A complete answer includes every line below with the word "then".
[Start of Attachment]
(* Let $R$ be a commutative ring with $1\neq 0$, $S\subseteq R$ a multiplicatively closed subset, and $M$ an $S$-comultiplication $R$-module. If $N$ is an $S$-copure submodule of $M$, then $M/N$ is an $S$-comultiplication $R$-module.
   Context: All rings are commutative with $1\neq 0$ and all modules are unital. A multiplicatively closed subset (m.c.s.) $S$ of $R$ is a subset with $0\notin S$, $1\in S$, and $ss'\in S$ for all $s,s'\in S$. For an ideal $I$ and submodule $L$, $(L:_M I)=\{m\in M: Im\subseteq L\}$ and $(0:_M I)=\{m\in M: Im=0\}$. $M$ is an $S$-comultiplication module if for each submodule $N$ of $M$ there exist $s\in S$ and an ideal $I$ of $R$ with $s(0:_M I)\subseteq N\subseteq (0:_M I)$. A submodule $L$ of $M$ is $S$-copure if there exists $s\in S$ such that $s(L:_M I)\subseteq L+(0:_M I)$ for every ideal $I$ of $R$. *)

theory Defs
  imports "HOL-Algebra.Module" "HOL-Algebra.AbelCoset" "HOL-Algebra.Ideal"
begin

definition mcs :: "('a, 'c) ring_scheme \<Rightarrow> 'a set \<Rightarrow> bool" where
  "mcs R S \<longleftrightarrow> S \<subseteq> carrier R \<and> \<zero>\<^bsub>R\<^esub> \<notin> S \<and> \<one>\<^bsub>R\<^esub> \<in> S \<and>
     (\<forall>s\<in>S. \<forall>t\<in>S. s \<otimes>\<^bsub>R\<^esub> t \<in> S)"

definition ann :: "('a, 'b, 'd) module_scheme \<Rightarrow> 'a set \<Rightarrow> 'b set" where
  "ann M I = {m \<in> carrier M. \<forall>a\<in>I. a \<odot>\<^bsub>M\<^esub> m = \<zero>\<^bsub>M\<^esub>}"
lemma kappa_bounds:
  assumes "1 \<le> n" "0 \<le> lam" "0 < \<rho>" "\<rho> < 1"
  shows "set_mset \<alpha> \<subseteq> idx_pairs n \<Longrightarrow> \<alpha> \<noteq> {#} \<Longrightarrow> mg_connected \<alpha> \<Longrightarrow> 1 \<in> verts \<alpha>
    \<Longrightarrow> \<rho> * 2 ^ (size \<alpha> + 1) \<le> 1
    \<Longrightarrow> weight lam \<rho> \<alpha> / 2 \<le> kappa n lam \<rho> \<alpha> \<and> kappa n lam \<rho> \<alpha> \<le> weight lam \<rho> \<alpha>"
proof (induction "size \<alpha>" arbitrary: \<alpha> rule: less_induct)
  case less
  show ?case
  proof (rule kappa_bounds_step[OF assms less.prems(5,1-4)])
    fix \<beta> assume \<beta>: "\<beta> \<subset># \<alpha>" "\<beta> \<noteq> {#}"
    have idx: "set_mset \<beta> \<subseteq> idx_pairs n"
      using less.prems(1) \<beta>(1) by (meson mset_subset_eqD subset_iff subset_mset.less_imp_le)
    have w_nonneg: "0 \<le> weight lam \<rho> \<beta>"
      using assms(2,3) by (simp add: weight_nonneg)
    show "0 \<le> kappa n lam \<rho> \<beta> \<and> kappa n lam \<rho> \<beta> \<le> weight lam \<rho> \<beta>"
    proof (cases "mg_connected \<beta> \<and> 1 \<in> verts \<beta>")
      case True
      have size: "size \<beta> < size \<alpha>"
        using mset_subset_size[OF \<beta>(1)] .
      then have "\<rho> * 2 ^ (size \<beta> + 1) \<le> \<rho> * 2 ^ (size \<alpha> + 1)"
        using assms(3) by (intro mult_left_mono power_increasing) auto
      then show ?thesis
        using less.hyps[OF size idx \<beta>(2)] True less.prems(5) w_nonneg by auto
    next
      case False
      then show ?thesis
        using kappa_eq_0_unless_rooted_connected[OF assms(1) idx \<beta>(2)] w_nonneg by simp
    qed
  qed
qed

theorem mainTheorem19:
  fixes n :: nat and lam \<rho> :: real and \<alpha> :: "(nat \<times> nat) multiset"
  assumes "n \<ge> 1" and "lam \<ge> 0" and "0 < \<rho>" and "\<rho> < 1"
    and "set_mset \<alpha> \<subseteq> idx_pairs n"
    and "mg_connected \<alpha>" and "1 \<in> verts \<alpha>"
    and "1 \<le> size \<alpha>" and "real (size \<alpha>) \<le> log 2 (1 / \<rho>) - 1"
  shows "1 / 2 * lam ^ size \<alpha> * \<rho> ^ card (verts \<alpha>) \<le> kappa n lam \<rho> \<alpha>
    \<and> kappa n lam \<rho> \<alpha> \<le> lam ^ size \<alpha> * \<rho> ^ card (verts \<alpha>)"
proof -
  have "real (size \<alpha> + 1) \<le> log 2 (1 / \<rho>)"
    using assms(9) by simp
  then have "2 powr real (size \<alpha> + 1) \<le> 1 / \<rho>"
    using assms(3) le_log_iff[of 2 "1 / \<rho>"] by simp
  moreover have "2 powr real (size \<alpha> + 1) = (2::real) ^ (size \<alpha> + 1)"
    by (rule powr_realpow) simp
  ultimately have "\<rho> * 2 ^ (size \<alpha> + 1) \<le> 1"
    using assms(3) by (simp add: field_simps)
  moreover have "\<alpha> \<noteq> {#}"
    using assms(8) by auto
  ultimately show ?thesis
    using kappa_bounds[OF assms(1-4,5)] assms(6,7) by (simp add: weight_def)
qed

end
[End of Attachment]
> **COMPLETED TASK**:
(* Let $R$ be a commutative ring with $1\neq 0$, $S\subseteq R$ a multiplicatively closed subset, and $M$ an $S$-comultiplication $R$-module. If $N$ is an $S$-copure submodule of $M$, then $M/N$ is an $S$-comultiplication $R$-module.
      then have "\<rho> * 2 ^ (size \<beta> + 1) \<le> \<rho> * 2 ^ (size \<alpha> + 1)"
      then show ?thesis
      then show ?thesis
  then have "2 powr real (size \<alpha> + 1) \<le> 1 / \<rho>"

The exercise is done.